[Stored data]
"""
lemma CompR_num_ge:
  assumes "\<And>n L. is_CompR P n S B l \<epsilon> \<delta> L \<Longrightarrow> c \<le> real n"
  shows "ereal c \<le> ereal_of_enat (CompR_num P S B l \<epsilon> \<delta>)"
proof (cases "\<exists>n L. is_CompR P n S B l \<epsilon> \<delta> L")
  case True
  then have "\<exists>L. is_CompR P (LEAST n. \<exists>L. is_CompR P n S B l \<epsilon> \<delta> L) S B l \<epsilon> \<delta> L"
    by (rule LeastI_ex)
  then have "c \<le> real (LEAST n. \<exists>L. is_CompR P n S B l \<epsilon> \<delta> L)"
    using assms by blast
  moreover have "CompR_num P S B l \<epsilon> \<delta> = enat (LEAST n. \<exists>L. is_CompR P n S B l \<epsilon> \<delta> L)"
    using True unfolding CompR_num_def by simp
  ultimately show ?thesis
    by simp
next
  case False
  then have "CompR_num P S B l \<epsilon> \<delta> = \<infinity>"
    unfolding CompR_num_def by (simp only: if_False)
  then show ?thesis
    by simp
qed

definition labelled_uniform_pmf :: "('x::finite \<Rightarrow> real) \<Rightarrow> ('x \<times> real) pmf" where
  "labelled_uniform_pmf b = map_pmf (\<lambda>x. (x, b x)) (pmf_of_set UNIV)"

lemma map_fst_labelled_uniform_pmf: "map_pmf fst (labelled_uniform_pmf b) = pmf_of_set UNIV"
  by (simp add: labelled_uniform_pmf_def pmf.map_comp o_def)

lemma label_dist_labelled_uniform_pmf: "\<forall>x. b x \<in> {-1, 1} \<Longrightarrow> label_dist (labelled_uniform_pmf b)"
  by (auto simp: label_dist_def labelled_uniform_pmf_def)

lemma cond_label_exp_labelled_uniform_pmf:
  fixes b :: "'x::finite \<Rightarrow> real"
  shows "cond_label_exp (labelled_uniform_pmf b) x = b x"
proof -
  let ?s = "{p :: 'x \<times> real. fst p = x}"
  have "set_pmf (labelled_uniform_pmf b) \<inter> ?s \<noteq> {}"
    by (force simp: labelled_uniform_pmf_def)
  then have "set_pmf (cond_pmf (labelled_uniform_pmf b) ?s) \<subseteq> {(x, b x)}"
    by (auto simp: set_cond_pmf labelled_uniform_pmf_def)
  then have "cond_pmf (labelled_uniform_pmf b) ?s = return_pmf (x, b x)"
    by (simp add: set_pmf_subset_singleton)
  then show ?thesis
    by (simp add: cond_label_exp_def)
qed

lemma risk_sq_loss_labelled_uniform_pmf:
  fixes b :: "'x::finite \<Rightarrow> real"
  shows "risk sq_loss (labelled_uniform_pmf b) f = (\<Sum>x\<in>UNIV. (b x - f x)\<^sup>2) / CARD('x)"
  by (simp add: labelled_uniform_pmf_def risk_def sq_loss_def integral_pmf_of_set)

definition eps_optimal ::
  "(real \<Rightarrow> real \<Rightarrow> real) \<Rightarrow> ('x \<Rightarrow> real) set \<Rightarrow> real \<Rightarrow> ('x \<times> real) pmf \<Rightarrow> ('x \<Rightarrow> real) set" where
  "eps_optimal l B \<epsilon> \<mu> = {f. risk l \<mu> f \<le> (INF b\<in>B. risk l \<mu> b) + \<epsilon>}"

lemma success_prob_labelled_uniform_pmf:
  "success_prob n L B l \<epsilon> (labelled_uniform_pmf b) =
     measure_pmf.expectation (replicate_pmf n (pmf_of_set UNIV))
       (\<lambda>xs. measure (L (map (\<lambda>x. (x, b x)) xs)) (eps_optimal l B \<epsilon> (labelled_uniform_pmf b)))"
  unfolding success_prob_def eps_optimal_def labelled_uniform_pmf_def replicate_pmf_map_pmf by simp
"""
# Exercise directions:
Print the data above exactly as it was provided.

# Reply:
lemma CompR_num_ge:
  assumes "\<And>n L. is_CompR P n S B l \<epsilon> \<delta> L \<Longrightarrow> c \<le> real n"
  shows "ereal c \<le> ereal_of_enat (CompR_num P S B l \<epsilon> \<delta>)"
proof (cases "\<exists>n L. is_CompR P n S B l \<epsilon> \<delta> L")
  case True
  then have "\<exists>L. is_CompR P (LEAST n. \<exists>L. is_CompR P n S B l \<epsilon> \<delta> L) S B l \<epsilon> \<delta> L"
    by (rule LeastI_ex)
  then have "c \<le> real (LEAST n. \<exists>L. is_CompR P n S B l \<epsilon> \<delta> L)"
    using assms by blast
  moreover have "CompR_num P S B l \<epsilon> \<delta> = enat (LEAST n. \<exists>L. is_CompR P n S B l \<epsilon> \<delta> L)"
    using True unfolding CompR_num_def by simp
  ultimately show ?thesis
    by simp
next
  case False
  then have "CompR_num P S B l \<epsilon> \<delta> = \<infinity>"
    unfolding CompR_num_def by (simp only: if_False)
  then show ?thesis
    by simp
qed

definition labelled_uniform_pmf :: "('x::finite \<Rightarrow> real) \<Rightarrow> ('x \<times> real) pmf" where
  "labelled_uniform_pmf b = map_pmf (\<lambda>x. (x, b x)) (pmf_of_set UNIV)"

lemma map_fst_labelled_uniform_pmf: "map_pmf fst (labelled_uniform_pmf b) = pmf_of_set UNIV"
  by (simp add: labelled_uniform_pmf_def pmf.map_comp o_def)

lemma label_dist_labelled_uniform_pmf: "\<forall>x. b x \<in> {-1, 1} \<Longrightarrow> label_dist (labelled_uniform_pmf b)"
  by (auto simp: label_dist_def labelled_uniform_pmf_def)

lemma cond_label_exp_labelled_uniform_pmf:
  fixes b :: "'x::finite \<Rightarrow> real"
  shows "cond_label_exp (labelled_uniform_pmf b) x = b x"
proof -
  let ?s = "{p :: 'x \<times> real. fst p = x}"
  have "set_pmf (labelled_uniform_pmf b) \<inter> ?s \<noteq> {}"
    by (force simp: labelled_uniform_pmf_def)
  then have "set_pmf (cond_pmf (labelled_uniform_pmf b) ?s) \<subseteq> {(x, b x)}"
    by (auto simp: set_cond_pmf labelled_uniform_pmf_def)
  then have "cond_pmf (labelled_uniform_pmf b) ?s = return_pmf (x, b x)"
    by (simp add: set_pmf_subset_singleton)
  then show ?thesis
    by (simp add: cond_label_exp_def)
qed

lemma risk_sq_loss_labelled_uniform_pmf:
  fixes b :: "'x::finite \<Rightarrow> real"
  shows "risk sq_loss (labelled_uniform_pmf b) f = (\<Sum>x\<in>UNIV. (b x - f x)\<^sup>2) / CARD('x)"
  by (simp add: labelled_uniform_pmf_def risk_def sq_loss_def integral_pmf_of_set)

definition eps_optimal ::
  "(real \<Rightarrow> real \<Rightarrow> real) \<Rightarrow> ('x \<Rightarrow> real) set \<Rightarrow> real \<Rightarrow> ('x \<times> real) pmf \<Rightarrow> ('x \<Rightarrow> real) set" where
  "eps_optimal l B \<epsilon> \<mu> = {f. risk l \<mu> f \<le> (INF b\<in>B. risk l \<mu> b) + \<epsilon>}"

lemma success_prob_labelled_uniform_pmf:
  "success_prob n L B l \<epsilon> (labelled_uniform_pmf b) =
     measure_pmf.expectation (replicate_pmf n (pmf_of_set UNIV))
       (\<lambda>xs. measure (L (map (\<lambda>x. (x, b x)) xs)) (eps_optimal l B \<epsilon> (labelled_uniform_pmf b)))"
  unfolding success_prob_def eps_optimal_def labelled_uniform_pmf_def replicate_pmf_map_pmf by simp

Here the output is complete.